Your lower back is hurting. Hurting badly. Perhaps one of these scenarios is all too relatable:
- You’re relegated to the couch for a few days while your partner does everything for you
- Your friends tell you that you’re a little bent over or crooked even when you think you’re standing up straight
- You can barely get on and off the toilet
- You drop a spoon on the floor and know that there is physically no way that you will ever be able to pick it up.
If these sound familiar, turns out you threw out your back. That’s OK, these things happen! Take a breath and take comfort in knowing that things will get back to normal. It might take a few days or even a few months, but you’ll get there. I’m here to share with you some advice on how to get there as soon as possible.
To be clear, ‘throwing out your back’ isn’t a medical term and isn’t even a specific injury – it can be caused by a variety of underlying medical diagnoses. At some point you should seek a proper diagnosis and more involved treatment options, but for now you just need to sit tight until you get over the hump.
Cancel your day, call a friend or family member to help out if possible. Get to a comfortable spot and relax as soon as possible. Load up this blog post on your tablet and remember the golden rule:
You have to Break The Cycle!
When you throw your back out there is swelling, inflammation and possibly torn tissues. On its own, this is bad enough, but the body’s response to those changes can be even worse. It will clamp down certain joints and hold on for dear life. Often it will do this in a lopsided manner giving you that crooked stance. This high tone will limit the space for the nerves, arteries and veins which causes increased swelling and nerve irritation. The irritated nerves then tell the muscles to clamp down harder which limits the nerve more, which tells the muscles to clamp down harder…This is “The Cycle” I mentioned above. This is why sometimes a small tweak to the back one afternoon can feel worse the following morning.
But, how do we Break the Cycle?
1. Medications and Supplements
It wouldn’t hurt to use some over the counter medications and supplements. These range from magnesium and curcumin on the more natural side to Ibuprofen and muscle relaxants for the real doozies.
2. Ice or Heat?
I find this to be very individual. Just go with whichever makes you feel the slightest bit better.
3. Stretches, Postures and Movement
This is the heart of the blog post and where I will add the Osteopathic perspective. Remember the golden rule? We have to break the cycle. This involves tricking those clamped down muscles deep in your spine to let go. In Osteopathy, we do this by slowly giving the muscles a little of what they want. The best analogy is the Chinese finger trap: the harder you pull your fingers apart the stronger the trap clamps down. The solution is to push the trap together to loosen the bind. Those deep muscles in your spine are holding on tight to avoid whatever caused the original injury. The more you stretch those muscles, the more they hold on even tighter. We have to give those muscles a little of what they want in order to convince them their job is no longer needed.
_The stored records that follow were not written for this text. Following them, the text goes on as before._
lemma abs_poly_diff_one_le_chebyshev:
  fixes p :: "real poly"
  assumes "degree p \<le> n" and bnd: "\<And>s. \<bar>s\<bar> \<le> 1 \<Longrightarrow> \<bar>poly p s\<bar> \<le> M" and t: "t \<ge> 1"
  shows "\<bar>poly p t - poly p 1\<bar> \<le> M * (poly (chebyshev n) t - 1)"
proof (cases "n = 0")
  case True
  with assms(1) obtain a where "p = [:a:]" by (auto elim: degree_eq_zeroE)
  then show ?thesis using True by simp
next
  case False
  then have n: "n \<ge> 1" by simp
  let ?x = "chebyshev_node n" and ?L = "\<lambda>j. poly (chebyshev_lagrange n j) t"
  have M: "\<bar>poly p (?x j)\<bar> \<le> M" for j using bnd abs_chebyshev_node_le by blast
  have L0: "1 \<le> ?L 0" by (rule poly_chebyshev_lagrange_0_ge_one[OF n t])
  have p: "poly p t - poly p 1 = poly p 1 * (?L 0 - 1) + (\<Sum>j=1..n. poly p (?x j) * ?L j)"
    unfolding chebyshev_interpolation[OF n assms(1), of t] using n
    by (simp add: sum.atLeast_Suc_atMost algebra_simps)
  have T: "poly (chebyshev n) t - 1 = (?L 0 - 1) + (\<Sum>j=1..n. (-1) ^ j * ?L j)"
    unfolding chebyshev_interpolation[OF n degree_chebyshev, of t] using n
    by (simp add: sum.atLeast_Suc_atMost poly_chebyshev_node)
  have "\<bar>poly p t - poly p 1\<bar> \<le> \<bar>poly p 1\<bar> * (?L 0 - 1) + (\<Sum>j=1..n. \<bar>poly p (?x j)\<bar> * \<bar>?L j\<bar>)"
    unfolding p using L0
    by (intro order.trans[OF abs_triangle_ineq] add_mono order.trans[OF sum_abs])
       (simp_all add: abs_mult)
  also have "\<dots> \<le> M * (?L 0 - 1) + (\<Sum>j=1..n. M * ((-1) ^ j * ?L j))"
  proof (intro add_mono sum_mono)
    show "\<bar>poly p 1\<bar> * (?L 0 - 1) \<le> M * (?L 0 - 1)"
      using M[of 0] L0 by (intro mult_right_mono) simp_all
    fix j assume "j \<in> {1..n}"
    then show "\<bar>poly p (?x j)\<bar> * \<bar>?L j\<bar> \<le> M * ((-1) ^ j * ?L j)"
      using M[of j] chebyshev_lagrange_sign[OF n _ t, of j] by (metis abs_ge_zero atLeastAtMost_iff mult_right_mono)
  qed
  also have "\<dots> = M * (poly (chebyshev n) t - 1)"
    unfolding T by (simp add: algebra_simps sum_distrib_left)
  finally show ?thesis .
qed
In broad strokes, this means positioning your body in a way that supports the spine without the use of the spinal muscles.
Try the following three postures at home to find some relief. It’s important to move in and out of these postures slowly. The goal is to settle into a position that is less painful and wait for at least 90 seconds. If for any reason these postures irritate you, try the next one. The key is to find one that brings relief and be in that feeling of relief for as long as it lasts.
Posture #1
Lay flat on your back with your knees up and legs fully supported on the couch. Use a yoga mat if the floor isn’t carpeted. Use a pillow to support the head. Let the weight of your legs fully go. If needed, put pillows under your knees or beside your hips. Stay here for up to 20 minutes, breathe and relax.
Posture #2
On the carpet or yoga mat, pile up some pillow or cushions in a pyramid shape. Slowly lay on top of them so that the peak of the pyramid lands across your hip bones. Let gravity spread you apart as you breathe slowly and relax. It takes time to convince your body to let go. Give it at least 90 seconds, but you can stay here for up to 20 minutes.
Posture #3
Lay on your side with knees bent and stacked. Prop yourself up on one elbow. Place the other hand behind your head. Slowly turn your chest facing down. Breathe and relax. Experiment with this posture on both sides and only continue the side which brings the most relief. This is the most complex of the three postures and has the highest likelihood to be irritating. But I believe it to be the most effective if you can master it. Remember to move slowly and in the direction of most relief. Breathe, relax and hold for 90 seconds to 3 minutes.
Remember, you will get through this! Take the time doing these simple exercises and you will slowly and steadily get better… relaxation is the best way to break the cycle!